Jensen’s recent film, White Earth (2014), is a true tale of a North American oil boom seen through unexpected eyes. Three children and an immigrant mother brave a cruel winter and explore themes of innocence, home and the American Dream.
Jane Leu
As the founder of Smarter Good, Upwardly Global, and a contributor to four other social sector start-ups, Jane Leu is intrigued by problems and their solutions. Jane Leu’s entrepreneurial work in the social sector centers on optimizing the talents of people and systems to help them reach their potential.

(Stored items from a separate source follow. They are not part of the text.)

(* Because U\<^sub>1\<^sup>* U\<^sub>1 = 1, every operator matrix satisfies V = (U\<^sub>1\<^sup>l)\<^sup>* [U\<^sub>1 V\<^sub>i\<^sub>j], and the
   intertwining identities move U\<^sub>1\<^sup>* and U\<^sub>1 through \<phi> entrywise.  So positivity of V and of
   (U\<^sub>1\<^sup>l)\<^sup>* V are exchanged before and after applying \<phi>, and the two notions of complete
   positivity coincide.  The one analytic input is that U\<^sub>1\<^sup>* is again bounded, i.e. that
   bounded operators have bounded adjoints; this rests on the Riesz representation theorem,
   obtained from the element of minimal norm in the closed affine hyperplane {f = 1}. *)

theory Submission
  imports Defs
begin

lemma scaleC_zero_left [simp]: "scaleC 0 (x::'a::hilbert_cx) = 0"
  using scaleC_add_left [of 0 0 x] by simp

lemma cinner_zero_right [simp]: "cinner (x::'a::hilbert_cx) 0 = 0"
  using cinner_add_right [of x 0 0] by simp

lemma cinner_zero_left [simp]: "cinner 0 (x::'a::hilbert_cx) = 0"
  using cinner_conj [of 0 x] by simp

lemma cinner_add_left: "cinner ((x::'a::hilbert_cx) + y) z = cinner x z + cinner y z"
  by (metis cinner_conj cinner_add_right complex_cnj_add)

lemma cinner_scaleC_left: "cinner (scaleC c (x::'a::hilbert_cx)) y = cnj c * cinner x y"
  by (metis cinner_conj cinner_scaleC_right complex_cnj_mult)

lemma cinner_minus_right: "cinner (x::'a::hilbert_cx) (- y) = - cinner x y"
  using cinner_add_right [of x y "- y"] by (simp add: add_eq_0_iff)

lemma cinner_minus_left: "cinner (- (x::'a::hilbert_cx)) y = - cinner x y"
  using cinner_add_left [of x "- x" y] by (simp add: add_eq_0_iff)

lemma cinner_diff_right: "cinner (x::'a::hilbert_cx) (y - z) = cinner x y - cinner x z"
  using cinner_add_right [of x y "- z"] by (simp add: cinner_minus_right)

lemma cinner_diff_left: "cinner ((x::'a::hilbert_cx) - y) z = cinner x z - cinner y z"
  using cinner_add_left [of x "- y" z] by (simp add: cinner_minus_left)

lemma cinner_self_eq_Re: "cinner (x::'a::hilbert_cx) x = complex_of_real (Re (cinner x x))"
proof -
  have "Im (cinner x x) = 0"
    using arg_cong [OF cinner_conj [of x x], of Im] by simp
  then show ?thesis by (simp add: complex_eq_iff)
qed

lemma cinner_eqI: "(\<And>x. cinner x a = cinner x b) \<Longrightarrow> a = (b::'a::hilbert_cx)"
  by (metis cinner_diff_right cinner_eq_zero_iff eq_iff_diff_eq_0)

lemma Re_cinner_commute: "Re (cinner (y::'a::hilbert_cx) x) = Re (cinner x y)"
  by (subst cinner_conj) simp

lemma cnorm_nonneg: "0 \<le> cnorm (x::'a::hilbert_cx)"
  by (simp add: cnorm_def cinner_ge_zero)

lemma cnorm_power2: "(cnorm (x::'a::hilbert_cx))\<^sup>2 = Re (cinner x x)"
  by (simp add: cnorm_def cinner_ge_zero)

lemma cnorm_eq_0_iff: "cnorm (x::'a::hilbert_cx) = 0 \<longleftrightarrow> x = 0"
  by (metis cnorm_def cinner_self_eq_Re cinner_eq_zero_iff of_real_0 real_sqrt_eq_zero_cancel_iff
      cinner_zero_left zero_complex.sel(1))

lemma cnorm_add_scaleC_power2:
  "(cnorm ((x::'a::hilbert_cx) + scaleC s y))\<^sup>2
     = (cnorm x)\<^sup>2 + 2 * Re (s * cinner x y) + (cmod s)\<^sup>2 * (cnorm y)\<^sup>2"
proof -
  have expand: "cinner (x + scaleC s y) (x + scaleC s y)
      = cinner x x + cnj s * cinner y x + (s * cinner x y + s * (cnj s * cinner y y))"
    by (simp only: cinner_add_left cinner_add_right cinner_scaleC_left cinner_scaleC_right
        distrib_left)
  have "Re (cnj s * cinner y x) = Re (s * cinner x y)"
    by (subst cinner_conj) simp
  moreover have "Re (s * (cnj s * cinner y y)) = (cmod s)\<^sup>2 * Re (cinner y y)"
    by (subst cinner_self_eq_Re) (simp add: mult.assoc [symmetric] complex_mult_cnj cmod_power2)
  ultimately show ?thesis
    unfolding cnorm_power2 expand plus_complex.sel by linarith
qed
(* Let $Z>0$, let $W_{at}$ be as in the context with Taylor coefficients $(w_{2k})_{k\ge0}$, let $R_1,\dots,R_n$ be the radial atomic functions with eigenvalues $\epsilon_1,\dots,\epsilon_n$, $\mathcal R=(R_1,\dots,R_n)^T$, $\mathcal E=\mathrm{diag}(\epsilon_1,\dots,\epsilon_n)$, and let $(\zeta_j)_{j\ge0}\subset\mathbb R^n$ be the coefficients of the expansion of $\mathcal R$ at $0$. Then there exist real numbers $(\mu_j^{(k)})_{0\le j\le k\le n-1}$ and $(\nu_j^{(k)})_{0\le j\le k\le n-1}$ such that $$\zeta_{2k}=\sum_{j=0}^k\mu_j^{(k)}\mathcal E^j\zeta_0,\qquad\zeta_{2k+1}=\sum_{j=0}^k\nu_j^{(k)}\mathcal E^j\zeta_0,$$ with $\mu_k^{(k)}\ne0$ for every $0\le k\le n-1$. Moreover, $$\zeta_1=-Z\zeta_0,\qquad\zeta_2=-\tfrac13\mathcal E\zeta_0+\tfrac13(Z^2+w_0)\zeta_0,\qquad\zeta_3=\tfrac29Z\mathcal E\zeta_0-\Big(\tfrac{Z^3}{18}+\tfrac29Zw_0\Big)\zeta_0,$$ $$\zeta_4=\tfrac1{30}\mathcal E^2\zeta_0-\Big(\tfrac{Z^2}{18}+\tfrac{w_0}{15}\Big)\mathcal E\zeta_0+\Big(\tfrac{Z^4}{180}+\tfrac{Z^2w_0}{18}+\tfrac{w_0^2}{30}+\tfrac{w_2}{10}\Big)\zeta_0,$$ $$\zeta_5=-\tfrac{23}{1350}Z\mathcal E^2\zeta_0+\Big(\tfrac{Z^3}{135}+\tfrac{23}{675}w_0Z\Big)\mathcal E\zeta_0-\Big(\tfrac{Z^5}{2700}+\tfrac{Z^3w_0}{135}+\tfrac{23}{1350}Zw_0^2+\tfrac{11}{150}Zw_2\Big)\zeta_0.$$
   Context: $W_{at}$ is a smooth bounded real function on $[0,\infty)$ such that $\mathbf x\mapsto W_{at}(|\mathbf x|)$ is smooth on $\mathbb R^3$; hence for every $N$, $W_{at}(r)=\sum_{k=0}^Nw_{2k}r^{2k}+O(r^{2N+2})$ as $r\to0$, which defines the reals $w_{2k}$. For $k=1,\dots,n$, $\varphi_k(\mathbf x)=R_k(|\mathbf x|)Y_{00}$ ($Y_{00}=1/\sqrt{4\pi}$) are $L^2$-normalized eigenfunctions of the atomic Hamiltonian $-\frac12\Delta-\frac{Z}{|\mathbf x|}+W_{at}(|\mathbf x|)$ on $L^2(\mathbb R^3)$ with angular momentum $0$ and eigenvalues $\epsilon_k$; $R_k$ is continuous on $[0,\infty)$ and satisfies $-\frac12R_k''-\frac1rR_k'-\frac ZrR_k+W_{at}R_k=\epsilon_kR_k$ on $(0,\infty)$. The vectors $\zeta_j\in\mathbb R^n$ are the coefficients of the singular expansion of $\mathcal R$ at $r=0$: for every $N$, $\mathcal R(r)-\sum_{j=0}^N\zeta_jr^j=O(r^{N+1})$ as $r\to0^+$. *)

theory Defs
  imports "HOL-Analysis.Analysis" "HOL-Library.Landau_Symbols"
begin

As the founder and executive director for the first decade of Upwardly Global, she focused on integrating skilled immigrant professionals into the workforce, turning the brain drain into brain gain for the U.S. As the founder and CEO of Smarter Good, she is leveraging the talents of global professionals in their home countries to improve the efficiency of the fast-growing global nonprofit sector.
Jani Radebaugh
Jani Radebaugh is a planetary explorer in search of landscapes on Earth that are analogues to distant locations across the solar system. She has explored mega sand dunes, lava lakes and caves, wind-carved ridges, impact craters, and has picked up meteorites in Antarctica. She teaches geological sciences at Brigham Young University and frequently brings students along on her adventures.
Lehla Kisor
Lehla Kisor recently graduated from Brigham Young University and works at Google as an Account Strategist. She has overcome a few struggles in her own life to be able to do really cool things, and has helped others do the same through missionary and humanitarian service. Problem solving, people watching, and finding new ways to look at the world are a few of her favorite things. She is anxious to continue sharing her perspective and (hopefully) change the world.
Matt Taylor
Matt Taylor is on a journey to make the social sector better at its job of helping those who need it and solving social ills. It's bound to be a long journey (which is why you'll rarely catch him in anything but sneakers), but he's already seen incredible progress over the last ten years while working with some of the sector's leading organizations. He currently leads strategy and operations at IDEO.org, where he is unleashing the sector's capacity to innovate through human-centered design. Other stops along the way have included New Profit, AmeriCorps, Nonprofit Finance Fund, Global Giving, United Way Worldwide, Focus: HOPE, and Big Brothers Big Sisters, which allowed him to simultaneously explore and advance new approaches and paradigms of problem solving—like social entrepreneurship, venture philanthropy, nonprofit financing, and philanthropic marketplaces—while understanding the roots of social service in this country.
Nicholas Fusso
Nicholas Fusso is funding an army of poverty-fighting entrepreneurs. He manages D-Prize, a competition that challenges entrepreneurs to increase access to proven poverty interventions. He has helped launch 25 new organizations that have enabled nearly 100,000 people to gain access to health, energy, and education solutions around the world.
Sterling Anderson
Sterling has spent the better part of the last decade questioning the "how" of autonomous vehicle development. He spent much of this time at MIT, where his work in shared autonomy generated nearly $2M in research funding, four patents, several academic publications and hundreds of print and online articles worldwide. He has since launched two companies, advised several others as a management consultant with McKinsey and Company and currently leads the Model X program at Tesla Motors.